É o caso do Bolt. A fábrica anuncia uma autonomia total de 383 km com as baterias de lítio cheias. O pacote tem 288 células divididas em três conjuntos dispostos sob o assoalho, com capacidade para armazenar 60 kWh (quilowatt-hora). É energia suficiente para o dia a dia na cidade. A conta é a seguinte: um morador da Grande São Paulo que roda 60 km por dia, em média (meu caso), terá dois ou três dias de autonomia com uma carga completa. Assim, seria necessário recarregar o modelo de duas a três vezes por semana. Em tomadas de 240 Volts, a carga completa leva nove horas.

Esse tempo parece longo e inviável, mas a ideia é que os donos deixem o hatch plugado na tomada durante a noite, podendo até agendar o recarregamento para os horários de bandeira reduzida, por meio da central multimídia. Perguntamos à GM se ela tinha uma estimativa do custo da carga completa, mas a empresa preferiu não cravar um valor. Bem verdade que o custo da energia elétrica varia bastante de estado para estado e de acordo com as bandeiras. Na calculadora online da Eletropaulo, os 60 kWh da bateria do Bolt teriam custo aproximado de R$ 25,16 com impostos (por carga).
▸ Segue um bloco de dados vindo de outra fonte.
text \<open>State variables and neighborhood variables are natural numbers in separate
  name spaces.\<close>

datatype tform =
    SEq nat nat
  | NEq nat nat
  | NRel nat nat
  | Mem nat nat
  | TNeg tform
  | TConj tform tform
  | ExS nat tform
  | ExN nat tform

fun tsat :: "('s \<Rightarrow> 'n \<Rightarrow> bool) \<Rightarrow> ('s \<Rightarrow> 'n \<Rightarrow> bool)
             \<Rightarrow> (nat \<Rightarrow> 's) \<Rightarrow> (nat \<Rightarrow> 'n) \<Rightarrow> tform \<Rightarrow> bool" where
  "tsat R M es en (SEq x y) \<longleftrightarrow> es x = es y"
| "tsat R M es en (NEq U V) \<longleftrightarrow> en U = en V"
| "tsat R M es en (NRel x U) \<longleftrightarrow> R (es x) (en U)"
| "tsat R M es en (Mem x U) \<longleftrightarrow> M (es x) (en U)"
| "tsat R M es en (TNeg \<phi>) \<longleftrightarrow> \<not> tsat R M es en \<phi>"
| "tsat R M es en (TConj \<phi> \<psi>) \<longleftrightarrow> tsat R M es en \<phi> \<and> tsat R M es en \<psi>"
| "tsat R M es en (ExS x \<phi>) \<longleftrightarrow> (\<exists>v. tsat R M (es(x := v)) en \<phi>)"
| "tsat R M es en (ExN U \<phi>) \<longleftrightarrow> (\<exists>V. tsat R M es (en(U := V)) \<phi>)"

text \<open>The structure (F, P(F)) associated with a neighborhood frame.\<close>

definition frame_rel :: "('a \<Rightarrow> 'a set set) \<Rightarrow> 'a \<Rightarrow> 'a set \<Rightarrow> bool" where
  "frame_rel N w U \<longleftrightarrow> U \<in> N w"

definition frame_mem :: "'a \<Rightarrow> 'a set \<Rightarrow> bool" where
  "frame_mem v U \<longleftrightarrow> v \<in> U"

text \<open>(R2, M2) is an elementary extension of (R1, M1), up to the identification
  given by the (injective) sort maps fs, fn: for every formula and every
  assignment into the small structure, truth is preserved and reflected.\<close>

definition elementary_extension_via ::
  "('s1 \<Rightarrow> 's2) \<Rightarrow> ('n1 \<Rightarrow> 'n2)
   \<Rightarrow> ('s1 \<Rightarrow> 'n1 \<Rightarrow> bool) \<Rightarrow> ('s1 \<Rightarrow> 'n1 \<Rightarrow> bool)
   \<Rightarrow> ('s2 \<Rightarrow> 'n2 \<Rightarrow> bool) \<Rightarrow> ('s2 \<Rightarrow> 'n2 \<Rightarrow> bool) \<Rightarrow> bool" where
  "elementary_extension_via fs fn R1 M1 R2 M2 \<longleftrightarrow>
     inj fs \<and> inj fn \<and>
     (\<forall>\<phi> es en. tsat R1 M1 es en \<phi> \<longleftrightarrow> tsat R2 M2 (fs \<circ> es) (fn \<circ> en) \<phi>)"

definition ext_i :: "('s \<Rightarrow> 'n \<Rightarrow> bool) \<Rightarrow> 'n \<Rightarrow> 's set" where
  "ext_i M U = {v. M v U}"

definition induced_frame :: "('s \<Rightarrow> 'n \<Rightarrow> bool) \<Rightarrow> ('s \<Rightarrow> 'n \<Rightarrow> bool) \<Rightarrow> 's \<Rightarrow> 's set set" where
  "induced_frame R M w = {ext_i M U | U. R w U}"

end

theory Submission
  imports Defs
begin

text \<open>The frame G' is interpreted inside G by the standard translation, which renders
  x \<box>_y \<phi> as \<exists>U (xNU \<and> \<forall>y (y \<in> U \<leftrightarrow> \<phi>)). Monotonicity, comprehension for
  each translated formula, and the augmented-filter property are (L_=)^2 sentences true
  in (F, P(F)); they therefore hold in G, where they say that the sets i(U) with wNU
  are closed under definable supersets and have a least element.\<close>

fun fvS :: "tform \<Rightarrow> nat set" where
  "fvS (SEq x y) = {x, y}"
| "fvS (NEq U V) = {}"
| "fvS (NRel x U) = {x}"
| "fvS (Mem x U) = {x}"
| "fvS (TNeg \<phi>) = fvS \<phi>"
| "fvS (TConj \<phi> \<psi>) = fvS \<phi> \<union> fvS \<psi>"
| "fvS (ExS x \<phi>) = fvS \<phi> - {x}"
| "fvS (ExN U \<phi>) = fvS \<phi>"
Mas, se o custo da eletricidade é incomparavelmente inferior ao cobrado na gasolina e no etanol, o preço do carro elétrico é desafiador. Hoje, o Chevrolet Bolt EV é vendido a partir de US$ 37.495, equivalente a R$ 120 mil sem impostos. Se fosse a combustão, o hatch custaria pelo menos uns 40% menos, na casa dos R$ 70 mil. Isso porque o Bolt é superequipado. Há recursos que nem chegaram aos compactos nacionais, casos do assistente de permanência em faixa, do alerta de colisão e do carregador de celular sem fio (wireless), só para citar alguns. Uma boa referência em tamanho e conteúdo seria o Honda Fit.

Bolt (Foto:  )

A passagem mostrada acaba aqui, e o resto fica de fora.